RS is Reed-Solomon forward error correction. Some extra check bits are appended to each data packet that's transmitted so that if the packet is slightly corrupted by noise on the network, the errors can be corrected (that's known as a correctable error). If the corruption is more severe, it won't be possible to correct the errors, but the receiver will still know that the data was incorrect, so it can discard the packet entirely (an uncorrectable error).

When an uncorrectable error happens on broadband, the high-level protocols generally detect that a packet has been lost, and requests its retranmission, but this takes time so slows down your data transfer.
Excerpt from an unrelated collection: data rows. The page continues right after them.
(* Let $n$ be an odd integer with prime factorisation $n=p_1^{J_1}\cdots p_s^{J_s}$, where $s\ge2$, the $p_i$ are distinct primes, $J_i\ge1$, and $\prod_{i=1}^r p_i^{J_i}<p_{r+1}$ for every $r\in\{1,\dots,s-1\}$. If $\mathcal{D}_1,\mathcal{D}_2$ are sets of positive divisors of $n$ with $\sum_{d\in\mathcal{D}_1}\phi(n/d)=\sum_{d\in\mathcal{D}_2}\phi(n/d)$, then $\mathcal{D}_1=\mathcal{D}_2$.
   Context: $\phi$ is Euler's totient function. *)

theory Defs
  imports "HOL-Number_Theory.Number_Theory"
begin

end

theory Submission
  imports Defs
begin

text \<open>Call \<open>N\<close> good (\<open>totient_sum_injective N\<close>) if a set \<open>D\<close> of divisors of \<open>N\<close> is determined by
  \<open>\<Sum>d\<in>D. \<phi>(N/d)\<close>. Good numbers are built up one prime power at a time: if \<open>m\<close> is good,
  \<open>q\<close> is a prime with \<open>m + 1 < q\<close> and \<open>m q\<^sup>J\<close> is good, then so is \<open>m q\<^sup>J\<^sup>+\<^sup>1\<close>.
  Indeed, splitting \<open>D\<close> according to divisibility by \<open>q\<close>, the sum becomes
  \<open>A + q\<^sup>J(q - 1) B\<close>, where \<open>A \<le> m q\<^sup>J < q\<^sup>J(q - 1)\<close> is the sum for the divisors of
  \<open>m q\<^sup>J\<close> obtained by cancelling \<open>q\<close>, and \<open>B\<close> is the sum for the divisors of \<open>m\<close> coprime
  to \<open>q\<close>. So \<open>A\<close> and \<open>B\<close> are the two digits of the sum in base \<open>q\<^sup>J(q - 1)\<close>.
  The growth condition, together with oddness, provides \<open>m + 1 < q\<close> at every stage; it also
  makes the primes distinct.\<close>

definition totient_sum_injective :: "nat \<Rightarrow> bool" where
  "totient_sum_injective N \<longleftrightarrow> inj_on (\<lambda>D. \<Sum>d\<in>D. totient (N div d)) (Pow {d. d dvd N})"

lemma sum_totient_div_divisors:
  assumes "N > 0"
  shows "(\<Sum>d | d dvd N. totient (N div d)) = N"
proof -
  have "(\<Sum>d | d dvd N. totient (N div d)) = (\<Sum>d | d dvd N. totient d)"
    by (rule sum.reindex_bij_witness[of _ "\<lambda>d. N div d" "\<lambda>d. N div d"])
       (use assms in \<open>auto elim!: dvdE\<close>)
  thus ?thesis by (simp add: totient_divisor_sum)
qed

lemma sum_totient_div_le:
  assumes "N > 0" "D \<subseteq> {d. d dvd N}"
  shows "(\<Sum>d\<in>D. totient (N div d)) \<le> N"
proof -
  have "(\<Sum>d\<in>D. totient (N div d)) \<le> (\<Sum>d | d dvd N. totient (N div d))"
    by (rule sum_mono2) (use assms in \<open>auto simp: finite_divisors_nat\<close>)
  thus ?thesis using sum_totient_div_divisors[OF assms(1)] by simp
qed

lemma add_mult_digits_unique:
  fixes a1 a2 b1 b2 K :: nat
  assumes "a1 + K * b1 = a2 + K * b2" "a1 < K" "a2 < K"
  shows "a1 = a2 \<and> b1 = b2"
proof -
  have "a1 = (a1 + K * b1) mod K" "a2 = (a2 + K * b2) mod K" using assms(2,3) by simp_all
  hence "a1 = a2" using assms(1) by simp
  thus ?thesis using assms by simp
qed

lemma totient_sum_injective_1: "totient_sum_injective 1"
  unfolding totient_sum_injective_def
proof (rule inj_onI)
  fix D1 D2 :: "nat set"
  assume "D1 \<in> Pow {d. d dvd 1}" "D2 \<in> Pow {d. d dvd 1}"
    and eq: "(\<Sum>d\<in>D1. totient (1 div d)) = (\<Sum>d\<in>D2. totient (1 div d))"
  hence "D1 \<in> {{}, {1}}" "D2 \<in> {{}, {1}}" by auto
  thus "D1 = D2" using eq by auto
qed

context
  fixes q m :: nat
  assumes q: "prime q" and m: "m > 0" and q_not_dvd_m: "\<not> q dvd m"
begin

lemma divisor_coprime_dvd:
  assumes "d dvd m * q ^ Suc J" "\<not> q dvd d"
  shows "d dvd m"
proof -
  have "coprime d (q ^ Suc J)"
    using prime_imp_coprime[OF q assms(2)] by (simp add: coprime_commute)
  thus ?thesis using assms(1) coprime_dvd_mult_left_iff by blast
qed

lemma divisor_div_prime_dvd:
  assumes "d dvd m * q ^ Suc J" "q dvd d"
  shows "d div q dvd m * q ^ J"
  using assms q prime_gt_0_nat by (auto elim!: dvdE simp: ac_simps)

lemma totient_div_divisor_multiple:
  assumes "q dvd d"
  shows "totient (m * q ^ Suc J div d) = totient (m * q ^ J div (d div q))"
proof -
  obtain k where "d = q * k" using assms by blast
  thus ?thesis using q prime_gt_0_nat by (simp add: ac_simps)
qed

lemma totient_div_divisor_coprime:
  assumes "d dvd m * q ^ Suc J" "\<not> q dvd d"
  shows "totient (m * q ^ Suc J div d) = q ^ J * (q - 1) * totient (m div d)"
proof -
  obtain k where k: "m = d * k" using divisor_coprime_dvd[OF assms] by blast
  hence "\<not> q dvd k" using q_not_dvd_m by auto
  hence coprime: "coprime k (q ^ Suc J)"
    using prime_imp_coprime[OF q] by (simp add: coprime_commute)
  have "d > 0" using k m by auto
  hence quotients: "m div d = k" "m * q ^ Suc J div d = k * q ^ Suc J"
    unfolding k by (simp_all add: mult.assoc)
  show ?thesis
    unfolding quotients totient_mult_coprime[OF coprime] totient_prime_power_Suc[OF q]
    by (rule mult.commute)
qed

lemma sum_totient_div_split:
  assumes D: "D \<subseteq> {d. d dvd m * q ^ Suc J}"
  shows "(\<Sum>d\<in>D. totient (m * q ^ Suc J div d)) =
      (\<Sum>e\<in>(\<lambda>d. d div q) ` {d\<in>D. q dvd d}. totient (m * q ^ J div e))
      + q ^ J * (q - 1) * (\<Sum>d\<in>{d\<in>D. \<not> q dvd d}. totient (m div d))"
proof -
  have inj: "inj_on (\<lambda>d. d div q) {d\<in>D. q dvd d}"
    by (rule inj_onI) (auto elim!: dvdE)
  have "m * q ^ Suc J > 0" using m q prime_gt_0_nat by simp
  hence "finite D" using D finite_divisors_nat finite_subset by metis
  moreover have "D = {d\<in>D. q dvd d} \<union> {d\<in>D. \<not> q dvd d}" by blast
  ultimately have "(\<Sum>d\<in>D. totient (m * q ^ Suc J div d)) =
      (\<Sum>d\<in>{d\<in>D. q dvd d}. totient (m * q ^ Suc J div d))
      + (\<Sum>d\<in>{d\<in>D. \<not> q dvd d}. totient (m * q ^ Suc J div d))"
    by (metis (no_types, lifting) sum.union_disjoint disjoint_iff finite_Un mem_Collect_eq)
  also have "(\<Sum>d\<in>{d\<in>D. q dvd d}. totient (m * q ^ Suc J div d))
      = (\<Sum>d\<in>{d\<in>D. q dvd d}. totient (m * q ^ J div (d div q)))"
    by (intro sum.cong refl totient_div_divisor_multiple) simp
  also have "\<dots> = (\<Sum>e\<in>(\<lambda>d. d div q) ` {d\<in>D. q dvd d}. totient (m * q ^ J div e))"
    by (simp only: sum.reindex[OF inj] comp_def)
  also have "(\<Sum>d\<in>{d\<in>D. \<not> q dvd d}. totient (m * q ^ Suc J div d))
      = (\<Sum>d\<in>{d\<in>D. \<not> q dvd d}. q ^ J * (q - 1) * totient (m div d))"
    by (intro sum.cong refl totient_div_divisor_coprime) (use D in auto)
  finally show ?thesis by (simp add: sum_distrib_left)
qed

lemma totient_sum_injective_Suc_power:
  assumes m_lt: "m + 1 < q"
    and m_inj: "totient_sum_injective m" and mq_inj: "totient_sum_injective (m * q ^ J)"
  shows "totient_sum_injective (m * q ^ Suc J)"
  unfolding totient_sum_injective_def
proof (rule inj_onI)
  fix D1 D2
  assume D1: "D1 \<in> Pow {d. d dvd m * q ^ Suc J}" and D2: "D2 \<in> Pow {d. d dvd m * q ^ Suc J}"
    and eq: "(\<Sum>d\<in>D1. totient (m * q ^ Suc J div d)) = (\<Sum>d\<in>D2. totient (m * q ^ Suc J div d))"
  let ?K = "q ^ J * (q - 1)"
  let ?hi = "\<lambda>D. (\<lambda>d. d div q) ` {d\<in>D. q dvd d}" and ?lo = "\<lambda>D. {d\<in>D. \<not> q dvd d}"
  let ?A = "\<lambda>D. \<Sum>e\<in>?hi D. totient (m * q ^ J div e)"
  let ?B = "\<lambda>D. \<Sum>d\<in>?lo D. totient (m div d)"
  have hi: "?hi D \<in> Pow {e. e dvd m * q ^ J}" and lo: "?lo D \<in> Pow {d. d dvd m}"
    if "D \<in> Pow {d. d dvd m * q ^ Suc J}" for D
    using that divisor_div_prime_dvd divisor_coprime_dvd by blast+
  have "m < q - 1" "q ^ J > 0" using m_lt q prime_gt_0_nat by simp_all
  hence "m * q ^ J < ?K" by simp
  hence A_lt: "?A D < ?K" if "D \<in> Pow {d. d dvd m * q ^ Suc J}" for D
    using sum_totient_div_le[OF _ PowD[OF hi[OF that]]] m q prime_gt_0_nat
    by (simp add: le_less_trans)
  have "?A D1 + ?K * ?B D1 = ?A D2 + ?K * ?B D2"
    using eq unfolding sum_totient_div_split[OF PowD[OF D1]] sum_totient_div_split[OF PowD[OF D2]] .
  hence A_eq: "?A D1 = ?A D2" and B_eq: "?B D1 = ?B D2"
    using add_mult_digits_unique A_lt[OF D1] A_lt[OF D2] by blast+
  have hi_eq: "?hi D1 = ?hi D2"
    by (rule inj_onD[OF mq_inj[unfolded totient_sum_injective_def] A_eq hi[OF D1] hi[OF D2]])
  have lo_eq: "?lo D1 = ?lo D2"
    by (rule inj_onD[OF m_inj[unfolded totient_sum_injective_def] B_eq lo[OF D1] lo[OF D2]])
  have multiples: "{d\<in>D. q dvd d} = (\<lambda>e. q * e) ` ?hi D" for D
    by (auto simp: image_image elim!: dvdE)
  have "{d\<in>D1. q dvd d} = {d\<in>D2. q dvd d}"
    using multiples[of D1] multiples[of D2] hi_eq by metis
  thus "D1 = D2" using lo_eq by blast
qed

lemma totient_sum_injective_mult_power:
  assumes "m + 1 < q" "totient_sum_injective m"
  shows "totient_sum_injective (m * q ^ k)"
proof (induction k)
  case 0
  show ?case using assms(2) by simp
next
  case (Suc k)
  then show ?case using totient_sum_injective_Suc_power[OF assms] by blast
qed

end

lemma totient_sum_injective_odd_prime_power_mult:
  assumes "prime q" "odd q" "odd m" "m < q" "totient_sum_injective m"
  shows "totient_sum_injective (m * q ^ k)"
proof -
  have "m > 0" "m + 1 < q" using assms(2-4) by presburger+
  moreover have "\<not> q dvd m" using \<open>m > 0\<close> assms(4) by (meson dvd_imp_le not_le)
  ultimately show ?thesis using totient_sum_injective_mult_power assms(1,5) by blast
qed

theorem lemma3p4:
  fixes n s :: nat and p J :: "nat \<Rightarrow> nat" and D1 D2 :: "nat set"
  assumes "odd n"
    and "s \<ge> 2"
    and "\<And>i. i < s \<Longrightarrow> prime (p i)"
    and "inj_on p {..<s}"
    and "\<And>i. i < s \<Longrightarrow> J i \<ge> 1"
    and "n = (\<Prod>i<s. p i ^ J i)"
    and "\<And>r. 1 \<le> r \<Longrightarrow> r \<le> s - 1 \<Longrightarrow> (\<Prod>i<r. p i ^ J i) < p r"
    and "D1 \<subseteq> {d. d > 0 \<and> d dvd n}"
    and "D2 \<subseteq> {d. d > 0 \<and> d dvd n}"
    and "(\<Sum>d\<in>D1. totient (n div d)) = (\<Sum>d\<in>D2. totient (n div d))"
  shows "D1 = D2"
proof -
  define N where "N r = (\<Prod>i<r. p i ^ J i)" for r
  have N_dvd: "N r dvd n" if "r \<le> s" for r
    unfolding N_def assms(6) using that by (intro prod_dvd_prod_subset) auto
  have "totient_sum_injective (N r)" if "r \<le> s" for r
    using that
  proof (induction r)
    case 0
    show ?case using totient_sum_injective_1 by (simp add: N_def)
  next
    case (Suc r)
    hence r: "r < s" by simp
    have prime: "prime (p r)" using assms(3) r by simp
    have "p r dvd N (Suc r)" using assms(5)[OF r] by (simp add: N_def)
    hence "odd (p r)" "odd (N r)"
      using N_dvd[OF Suc.prems] N_dvd[of r] r assms(1) dvd_trans by (metis less_imp_le)+
    moreover have "N r < p r"
      using assms(7)[of r] r prime_gt_1_nat[OF prime] by (cases "r = 0") (simp_all add: N_def)
    ultimately have "totient_sum_injective (N r * p r ^ J r)"
      using totient_sum_injective_odd_prime_power_mult[OF prime] Suc.IH r by simp
    thus ?case by (simp add: N_def)
  qed
  hence "totient_sum_injective n" using assms(6) by (simp add: N_def)
  thus ?thesis
    unfolding totient_sum_injective_def by (rule inj_onD) (use assms(8-10) in auto)
qed

end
If an uncorrectable error happens on broadcast TV, there is no way to request retransmission, so parts of the picture are simply missed - usually it pixellates.
Quote:
Originally Posted by General Maximus View Post
In your downstream table you have got pre-rs errors and post-rs errors. The pre errors are the bits of dats that arrive to you corrupted before they have had a chance to be fixed. The post errors are the one that have tried and cannot be fixed and these are the ones you need to worry about because it is lost data. Traditionally when there is problem with a particular channel you'll see 0 post rs errors down the list and then a few hundred or thousand on one channel but you have got a ridiculous amount across the board which just doesn't happen unless there was a major problem higher up the network and if that was the case VM would have picked up on it by now. That is why I believe the problem is more your end.
Cheers!

Let's see what the engineer says. Hopefully, they'll be alarmed by the RS and power levels and track it down. My fear is they'll go 'internet's working tho' and leave it.